Recently named the most creative shop in the United States by Promo Magazine, award-winning and breakthrough work includes Charmin's NYC Holiday Restrooms, the Altoids Anti-Love Valentine's Chocolate Pop-Up Shoppes and the Tide Mobile Laundromat for victims of Hurricane Katrina. Other clients include Starbucks, Sony, Yahoo, Microsoft, GM, Target, Wrigley and Kellogg's.

Marketing Mix chatted to Fitzsimons about experiential marketing and its role in the marketing mix ahead of his presentation at the 2nd African Experiential Marketing Summit in Johannesburg on 3 September.

FitzSimons defines experiential marketing as “the discipline of creating engaging, experience based, programmes that drive a brand message to the one to one conversation level”. He notes that in order to do this successfully, one needs to find the friction point for consumers.

He suggests asking, “What is it that our brand can do to alleviate a point of friction in the lives of our prime prospects?” Secondly, one needs to build programming based on that insight that will involve consumers in a meaningful brand experience. “Gigunda Group is really an Involvement Agency vs. Experiential,” he says. “Why? Because we find friction and use that friction insight to INVOLVE consumers in truly relevant way with the brand.”

FitzSimons believes that experiential marketing has a critical role within the traditional marketing mix. “If we look at all the vehicles available to marketers and put them in a tool box, there are some tools designed to drive mass awareness and brand acceptance,” he says. “There are other tools deigned to drive purchase. Experiential marketing is the tool that is most responsible for driving the consumer/brand fit revelation. In this day and age of over-messaging there is no more important a tool. As consumers we see thousands of messages daily - too many to effectively interpret. Without part of a marketing plan dedicated to delivering unique, one on one brand conversations, a brand misses a huge opportunity to drive overall fit with consumers and ultimately long-term growth.”

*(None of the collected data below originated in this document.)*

lemma pmf_P1:
  assumes "K \<le> n" "0 \<le> lam" "lam \<le> real n" "G \<subseteq> all_edges n"
  defines "p \<equiv> lam / real n"
  shows "pmf (P1 n K lam) G = real (card (K_paths n K G)) * p ^ (card G - (K - 1))
           * (1 - p) ^ (card (all_edges n) - card G) / real (card (seqs n K))"
proof -
  let ?S = "seqs n K" and ?q = "p ^ (card G - (K - 1)) * (1 - p) ^ (card (all_edges n) - card G)"
  have p: "0 \<le> p" "p \<le> 1"
    using assms(2,3) by (auto simp: p_def divide_le_eq_1)
  have S: "?S \<noteq> {}" "finite ?S"
    using upt_in_seqs[OF assms(1)] finite_seqs by auto
  have "pmf (P1 n K lam) G
      = (\<Sum>\<sigma>\<in>?S. measure_pmf.prob (random_subset (all_edges n) p) {G0. G0 \<union> path_edges \<sigma> = G}) / card ?S"
    unfolding P1_eq_bind pmf_bind integral_pmf_of_set[OF S] pmf_map p_def by (simp add: vimage_def)
  also have "\<dots> = (\<Sum>\<sigma>\<in>?S. if path_edges \<sigma> \<subseteq> G then ?q else 0) / card ?S"
  proof (intro sum.cong arg_cong2[where f = "(/)"] refl)
    fix \<sigma> assume \<sigma>: "\<sigma> \<in> ?S"
    have "card (path_edges \<sigma>) = K - 1"
      using \<sigma> by (rule card_path_edges_seqs)
    moreover have "{G0. G0 \<union> path_edges \<sigma> = G} = {}" if "\<not> path_edges \<sigma> \<subseteq> G"
      using that by auto
    ultimately show "measure_pmf.prob (random_subset (all_edges n) p) {G0. G0 \<union> path_edges \<sigma> = G}
        = (if path_edges \<sigma> \<subseteq> G then ?q else 0)"
      using prob_random_subset_Un_eq[OF finite_all_edges _ assms(4) p] by auto
  qed
  also have "\<dots> = real (card (K_paths n K G)) * ?q / card ?S"
    unfolding K_paths_eq using S(2) by (simp add: sum.inter_filter[symmetric])
  finally show ?thesis by simp
qed

lemma LR_eq:
  assumes "K \<le> n" "0 < lam" "lam < real n" "G \<subseteq> all_edges n"
  shows "LR n K lam G = real (card (K_paths n K G)) / (real (card (seqs n K)) * (lam / real n) ^ (K - 1))"
proof -
  define p where "p = lam / real n"
  have p: "0 < p" "p < 1"
    using assms(2,3) by (auto simp: p_def)
  have P0: "pmf (P0 n lam) G = p ^ card G * (1 - p) ^ (card (all_edges n) - card G)"
    unfolding P0_eq_random_subset p_def using p
    by (intro pmf_random_subset[OF finite_all_edges assms(4)]) (auto simp: p_def)
  note P1 = pmf_P1[OF assms(1) less_imp_le[OF assms(2)] less_imp_le[OF assms(3)] assms(4), folded p_def]
  show ?thesis
  proof (cases "K_paths n K G = {}")
    case True
    then show ?thesis
      unfolding LR_def P1 by simp
  next
    case False
    then obtain \<sigma> where "\<sigma> \<in> seqs n K" "path_edges \<sigma> \<subseteq> G"
      unfolding K_paths_eq by auto
    moreover have "card (path_edges \<sigma>) = K - 1"
      using \<open>\<sigma> \<in> seqs n K\<close> by (rule card_path_edges_seqs)
    ultimately have "K - 1 \<le> card G"
      using card_mono[OF finite_subset[OF assms(4) finite_all_edges]] by metis
    then have "p ^ card G = p ^ (card G - (K - 1)) * p ^ (K - 1)"
      by (simp flip: power_add)
    then show ?thesis
      unfolding LR_def P1 P0 p_def[symmetric] using p upt_in_seqs[OF assms(1)] finite_seqs
      by (simp add: field_simps card_gt_0_iff)
  qed
qed

lemma expectation_card_K_paths_sq:
  assumes "0 \<le> p" "p \<le> 1"
  shows "measure_pmf.expectation (random_subset (all_edges n) p) (\<lambda>G. real (card (K_paths n K G)) ^ 2)
       = (\<Sum>\<sigma>\<in>seqs n K. \<Sum>\<tau>\<in>seqs n K. p ^ card (path_edges \<sigma> \<union> path_edges \<tau>))"
proof -
  let ?M = "random_subset (all_edges n) p" and ?S = "seqs n K"
  note integrable = integrable_measure_pmf_finite[OF finite_set_pmf_random_subset[OF finite_all_edges]]
  have "real (card (K_paths n K G)) = (\<Sum>\<sigma>\<in>?S. indicator {G. path_edges \<sigma> \<subseteq> G} G)" for G
    unfolding K_paths_eq using finite_seqs by (simp add: indicator_def sum.inter_filter[symmetric] Collect_conj_eq)
  then have "real (card (K_paths n K G)) ^ 2
      = (\<Sum>\<sigma>\<in>?S. \<Sum>\<tau>\<in>?S. indicator {G. path_edges \<sigma> \<union> path_edges \<tau> \<subseteq> G} G)" for G
    by (simp add: power2_eq_square sum_product indicator_def of_bool_conj)
  then have "measure_pmf.expectation ?M (\<lambda>G. real (card (K_paths n K G)) ^ 2)
      = (\<Sum>\<sigma>\<in>?S. \<Sum>\<tau>\<in>?S. measure_pmf.prob ?M {G. path_edges \<sigma> \<union> path_edges \<tau> \<subseteq> G})"
    by (simp add: integrable)
  also have "\<dots> = (\<Sum>\<sigma>\<in>?S. \<Sum>\<tau>\<in>?S. p ^ card (path_edges \<sigma> \<union> path_edges \<tau>))"
    using path_edges_subset_all_edges
    by (intro sum.cong refl prob_random_subset_supset[OF finite_all_edges _ assms]) blast
  finally show ?thesis .
qed

lemma power_card_Un_path_edges:
  fixes p :: real
  assumes "\<sigma> \<in> seqs n K" "\<tau> \<in> seqs n K" "p \<noteq> 0"
  shows "p ^ card (path_edges \<sigma> \<union> path_edges \<tau>)
       = (p ^ (K - 1)) ^ 2 * (1 / p) ^ card (path_edges \<sigma> \<inter> path_edges \<tau>)"
proof -
  have "card (path_edges \<sigma>) = K - 1" "card (path_edges \<tau>) = K - 1"
    using assms(1,2) by (simp_all add: card_path_edges_seqs)
  then have "card (path_edges \<sigma> \<union> path_edges \<tau>) + card (path_edges \<sigma> \<inter> path_edges \<tau>) = 2 * (K - 1)"
    using card_Un_Int[OF finite_path_edges finite_path_edges, of \<sigma> \<tau>] by simp
  then have "p ^ card (path_edges \<sigma> \<union> path_edges \<tau>) * p ^ card (path_edges \<sigma> \<inter> path_edges \<tau>) = (p ^ (K - 1)) ^ 2"
    by (metis power_add power_mult mult.commute)
  then show ?thesis
    using assms(3) by (simp add: power_one_over field_simps)
qed

lemma expectation_LR_sq:
  assumes "K \<le> n" "0 < lam" "lam < real n"
  shows "measure_pmf.expectation (P0 n lam) (\<lambda>G. (LR n K lam G) ^ 2)
       = measure_pmf.expectation (pmf_of_set (seqs n K))
           (\<lambda>\<pi>. (real n / lam) ^ card (path_edges [0..<K] \<inter> path_edges \<pi>))"
proof -
  let ?S = "seqs n K" and ?overlap = "\<lambda>\<sigma> \<tau>. card (path_edges \<sigma> \<inter> path_edges \<tau>)"
  define p where "p = lam / real n"
  define c where "c = real (card ?S)"
  have p: "0 < p" "p \<le> 1" "real n / lam = 1 / p"
    using assms(2,3) by (auto simp: p_def)
  have S: "?S \<noteq> {}" "finite ?S"
    using upt_in_seqs[OF assms(1)] finite_seqs by auto
  then have "c \<noteq> 0"
    unfolding c_def by simp
  have LR_sq: "(LR n K lam G) ^ 2 = real (card (K_paths n K G)) ^ 2 / (c * p ^ (K - 1)) ^ 2"
    if "G \<in> set_pmf (random_subset (all_edges n) p)" for G
  proof -
    have "G \<subseteq> all_edges n"
      using that set_pmf_random_subset by blast
    then show ?thesis
      by (simp add: LR_eq[OF assms] p_def[symmetric] c_def power_divide)
  qed
  have "measure_pmf.expectation (P0 n lam) (\<lambda>G. (LR n K lam G) ^ 2)
      = measure_pmf.expectation (random_subset (all_edges n) p) (\<lambda>G. real (card (K_paths n K G)) ^ 2)
        / (c * p ^ (K - 1)) ^ 2"
    unfolding P0_eq_random_subset p_def[symmetric] integral_divide_zero[symmetric]
    by (intro integral_cong_AE AE_pmfI) (simp_all add: LR_sq)
  also have "\<dots> = (\<Sum>\<sigma>\<in>?S. \<Sum>\<tau>\<in>?S. (1 / p) ^ ?overlap \<sigma> \<tau>) / c ^ 2"
    unfolding expectation_card_K_paths_sq[OF less_imp_le[OF p(1)] p(2)] sum_divide_distrib
    using p(1) \<open>c \<noteq> 0\<close>
    by (intro sum.cong refl) (simp add: power_card_Un_path_edges power_mult_distrib)
  also have "\<dots> = (\<Sum>\<sigma>\<in>?S. \<Sum>\<tau>\<in>?S. (1 / p) ^ ?overlap [0..<K] \<tau>) / c ^ 2"
    using sum_seqs_overlap_eq_upt[OF _ assms(1), where f = "\<lambda>i. (1 / p) ^ i"] by simp
  also have "\<dots> = (\<Sum>\<tau>\<in>?S. (1 / p) ^ ?overlap [0..<K] \<tau>) / c"
    using \<open>c \<noteq> 0\<close> by (simp add: c_def power2_eq_square)
  finally show ?thesis
    by (simp add: integral_pmf_of_set[OF S] p(3) c_def)
qed
(* For any $\alpha,\beta\in\mathbb{R}$, the problem $\ddot y+3y+\frac32y^3=0$, $y(0)=\alpha$, $\dot y(0)=\beta$ admits a unique solution $\overline y$, which is periodic of period $$T(E)=\frac{8}{\sqrt3}\int_0^1\frac{ds}{\sqrt{(\Lambda_+(E)+\Lambda_-(E)s^2)(1-s^2)}},$$ where $E=\frac{\beta^2}{2}+\frac32\alpha^2+\frac38\alpha^4$ and $\Lambda_\pm(E)=2\sqrt{1+\frac23E}\pm2$. Moreover, the map $E\mapsto T(E)$ is strictly decreasing and $\lim_{E\to0}T(E)=2\pi/\sqrt3$. *)

theory Defs
  imports "HOL-Analysis.Analysis"
begin

definition ivp_sol :: "real \<Rightarrow> real \<Rightarrow> (real \<Rightarrow> real) \<Rightarrow> bool" where
  "ivp_sol \<alpha> \<beta> y \<longleftrightarrow>
     (\<exists>y'. (\<forall>t. (y has_real_derivative y' t) (at t)) \<and>
           (\<forall>t. (y' has_real_derivative (- (3 * y t + 3/2 * (y t)^3))) (at t)) \<and>
           y 0 = \<alpha> \<and> y' 0 = \<beta>)"

definition energy :: "real \<Rightarrow> real \<Rightarrow> real" where
  "energy \<alpha> \<beta> = \<beta>^2 / 2 + 3/2 * \<alpha>^2 + 3/8 * \<alpha>^4"

definition Lambda_plus :: "real \<Rightarrow> real" where
  "Lambda_plus E = 2 * sqrt (1 + 2/3 * E) + 2"

definition Lambda_minus :: "real \<Rightarrow> real" where
  "Lambda_minus E = 2 * sqrt (1 + 2/3 * E) - 2"

definition period :: "real \<Rightarrow> real" where
  "period E = 8 / sqrt 3 *
     integral {0..1} (\<lambda>s. 1 / sqrt ((Lambda_plus E + Lambda_minus E * s^2) * (1 - s^2)))"

end

theory Submission
  imports Defs
begin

Experiential marketing is, however, best utilised as part of an integrated marketing mix. “The most successful campaigns, by far, are those that are integrated. If our experiential programmes are not reinforcing what is communicated in the mass media we have very low chances of involving consumers effectively while working to promote how a brand fits for them. Our philosophy is that a successful marketing campaign must be fully integrated across all mediums,” stresses FitzSimons.

But how does one measure an experiential event? “Every organisation and brand measures programmes differently,” explains FitzSimons. “Our programming cannot fit cleanly into a mass impression measurement system because the programme objectives change all of the time. We believe measurement should be determined by programme objective. If we are working on a programme designed to get heavy users to use more of a product why would we measure that with mass media impressions? We wouldn't. We would place greater analysis interest in how many heavy users we are able to reach and what kind of action we deliver from them. Gigunda Group has a strategic partnership with an unbiased third party vendor for ROI research data that is above and beyond standard programme ROI.”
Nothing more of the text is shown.